What the task requires: Search the entries for the word "define" and return every line where it is found.

[Record excerpts — start]

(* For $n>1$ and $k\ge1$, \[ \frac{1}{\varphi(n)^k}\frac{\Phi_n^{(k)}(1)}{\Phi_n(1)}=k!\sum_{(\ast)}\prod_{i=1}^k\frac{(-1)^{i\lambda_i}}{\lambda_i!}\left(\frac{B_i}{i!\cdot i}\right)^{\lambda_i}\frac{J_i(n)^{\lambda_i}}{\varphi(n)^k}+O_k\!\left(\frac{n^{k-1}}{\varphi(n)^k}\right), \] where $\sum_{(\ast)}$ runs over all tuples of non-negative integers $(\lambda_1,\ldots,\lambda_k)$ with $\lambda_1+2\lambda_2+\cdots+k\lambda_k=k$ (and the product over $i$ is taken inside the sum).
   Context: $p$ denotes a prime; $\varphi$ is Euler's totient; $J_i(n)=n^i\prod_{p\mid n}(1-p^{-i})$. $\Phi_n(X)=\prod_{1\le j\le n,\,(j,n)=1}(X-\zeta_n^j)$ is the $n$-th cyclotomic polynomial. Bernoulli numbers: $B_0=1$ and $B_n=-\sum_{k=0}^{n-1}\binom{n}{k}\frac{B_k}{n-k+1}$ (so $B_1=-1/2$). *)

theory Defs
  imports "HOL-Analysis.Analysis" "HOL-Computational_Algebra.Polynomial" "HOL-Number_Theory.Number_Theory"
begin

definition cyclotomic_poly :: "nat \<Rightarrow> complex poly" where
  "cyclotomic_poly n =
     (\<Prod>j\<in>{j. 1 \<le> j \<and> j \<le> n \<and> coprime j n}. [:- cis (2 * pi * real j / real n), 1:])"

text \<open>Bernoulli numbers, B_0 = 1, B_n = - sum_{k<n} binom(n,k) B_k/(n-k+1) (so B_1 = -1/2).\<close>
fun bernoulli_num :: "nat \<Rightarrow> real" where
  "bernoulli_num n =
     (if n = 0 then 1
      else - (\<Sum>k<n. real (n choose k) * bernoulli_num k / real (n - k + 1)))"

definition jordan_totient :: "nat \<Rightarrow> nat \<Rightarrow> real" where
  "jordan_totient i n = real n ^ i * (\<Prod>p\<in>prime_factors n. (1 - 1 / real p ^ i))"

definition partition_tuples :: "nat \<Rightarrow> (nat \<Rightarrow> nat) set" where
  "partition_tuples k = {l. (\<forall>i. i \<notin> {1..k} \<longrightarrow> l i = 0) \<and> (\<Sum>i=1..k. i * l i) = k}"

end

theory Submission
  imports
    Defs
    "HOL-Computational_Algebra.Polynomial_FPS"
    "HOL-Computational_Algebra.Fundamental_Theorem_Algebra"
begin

[Record excerpts — finish]
[Record excerpts — start]

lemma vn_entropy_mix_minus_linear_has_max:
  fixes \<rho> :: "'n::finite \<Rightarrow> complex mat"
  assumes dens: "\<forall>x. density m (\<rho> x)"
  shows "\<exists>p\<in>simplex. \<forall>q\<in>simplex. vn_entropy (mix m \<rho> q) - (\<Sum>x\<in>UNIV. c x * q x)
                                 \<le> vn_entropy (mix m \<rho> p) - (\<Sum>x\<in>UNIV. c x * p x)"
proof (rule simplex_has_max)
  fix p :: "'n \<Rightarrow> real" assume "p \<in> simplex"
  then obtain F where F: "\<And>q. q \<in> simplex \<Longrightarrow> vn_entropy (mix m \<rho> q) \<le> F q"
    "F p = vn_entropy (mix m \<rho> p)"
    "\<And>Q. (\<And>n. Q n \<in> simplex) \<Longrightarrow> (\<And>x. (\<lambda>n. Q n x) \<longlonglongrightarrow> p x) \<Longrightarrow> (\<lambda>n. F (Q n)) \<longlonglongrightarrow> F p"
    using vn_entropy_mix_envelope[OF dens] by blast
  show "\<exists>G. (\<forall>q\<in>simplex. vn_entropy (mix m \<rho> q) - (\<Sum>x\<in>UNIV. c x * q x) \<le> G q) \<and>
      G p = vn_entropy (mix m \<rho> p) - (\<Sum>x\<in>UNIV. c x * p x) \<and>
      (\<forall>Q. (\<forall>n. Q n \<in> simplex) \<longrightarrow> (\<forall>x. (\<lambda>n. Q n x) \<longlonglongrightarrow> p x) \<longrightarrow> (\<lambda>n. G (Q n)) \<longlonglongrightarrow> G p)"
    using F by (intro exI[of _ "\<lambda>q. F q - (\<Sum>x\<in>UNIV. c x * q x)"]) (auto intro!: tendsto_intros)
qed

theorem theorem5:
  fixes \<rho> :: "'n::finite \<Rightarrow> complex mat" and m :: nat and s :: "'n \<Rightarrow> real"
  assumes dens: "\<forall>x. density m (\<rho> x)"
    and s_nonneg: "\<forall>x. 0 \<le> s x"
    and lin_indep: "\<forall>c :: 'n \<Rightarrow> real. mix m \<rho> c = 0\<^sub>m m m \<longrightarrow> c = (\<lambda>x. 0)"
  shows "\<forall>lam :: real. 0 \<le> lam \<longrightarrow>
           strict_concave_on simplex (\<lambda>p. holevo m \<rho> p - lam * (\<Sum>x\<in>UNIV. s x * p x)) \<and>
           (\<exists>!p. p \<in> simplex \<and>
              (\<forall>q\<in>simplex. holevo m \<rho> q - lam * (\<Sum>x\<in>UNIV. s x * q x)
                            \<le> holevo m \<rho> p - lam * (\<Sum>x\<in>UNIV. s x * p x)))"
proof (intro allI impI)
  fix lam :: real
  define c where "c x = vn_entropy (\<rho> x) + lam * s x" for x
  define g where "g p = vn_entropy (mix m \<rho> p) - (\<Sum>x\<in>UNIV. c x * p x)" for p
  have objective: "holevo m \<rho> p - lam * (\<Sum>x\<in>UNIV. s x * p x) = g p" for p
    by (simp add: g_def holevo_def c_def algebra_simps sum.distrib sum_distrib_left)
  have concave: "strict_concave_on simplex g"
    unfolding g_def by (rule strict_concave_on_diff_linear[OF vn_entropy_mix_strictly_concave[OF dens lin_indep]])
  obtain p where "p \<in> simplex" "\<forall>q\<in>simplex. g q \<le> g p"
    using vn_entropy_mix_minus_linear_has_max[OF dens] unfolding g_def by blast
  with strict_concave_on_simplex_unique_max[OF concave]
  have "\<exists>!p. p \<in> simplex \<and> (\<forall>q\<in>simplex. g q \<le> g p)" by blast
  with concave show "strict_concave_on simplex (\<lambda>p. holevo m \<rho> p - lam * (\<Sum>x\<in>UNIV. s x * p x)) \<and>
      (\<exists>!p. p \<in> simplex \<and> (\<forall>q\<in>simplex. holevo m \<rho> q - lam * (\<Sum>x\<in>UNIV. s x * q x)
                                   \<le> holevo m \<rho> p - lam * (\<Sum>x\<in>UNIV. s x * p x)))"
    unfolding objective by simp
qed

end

[Record excerpts — finish]

Task response:
  define c where "c x = vn_entropy (\<rho> x) + lam * s x" for x
  define g where "g p = vn_entropy (mix m \<rho> p) - (\<Sum>x\<in>UNIV. c x * p x)" for p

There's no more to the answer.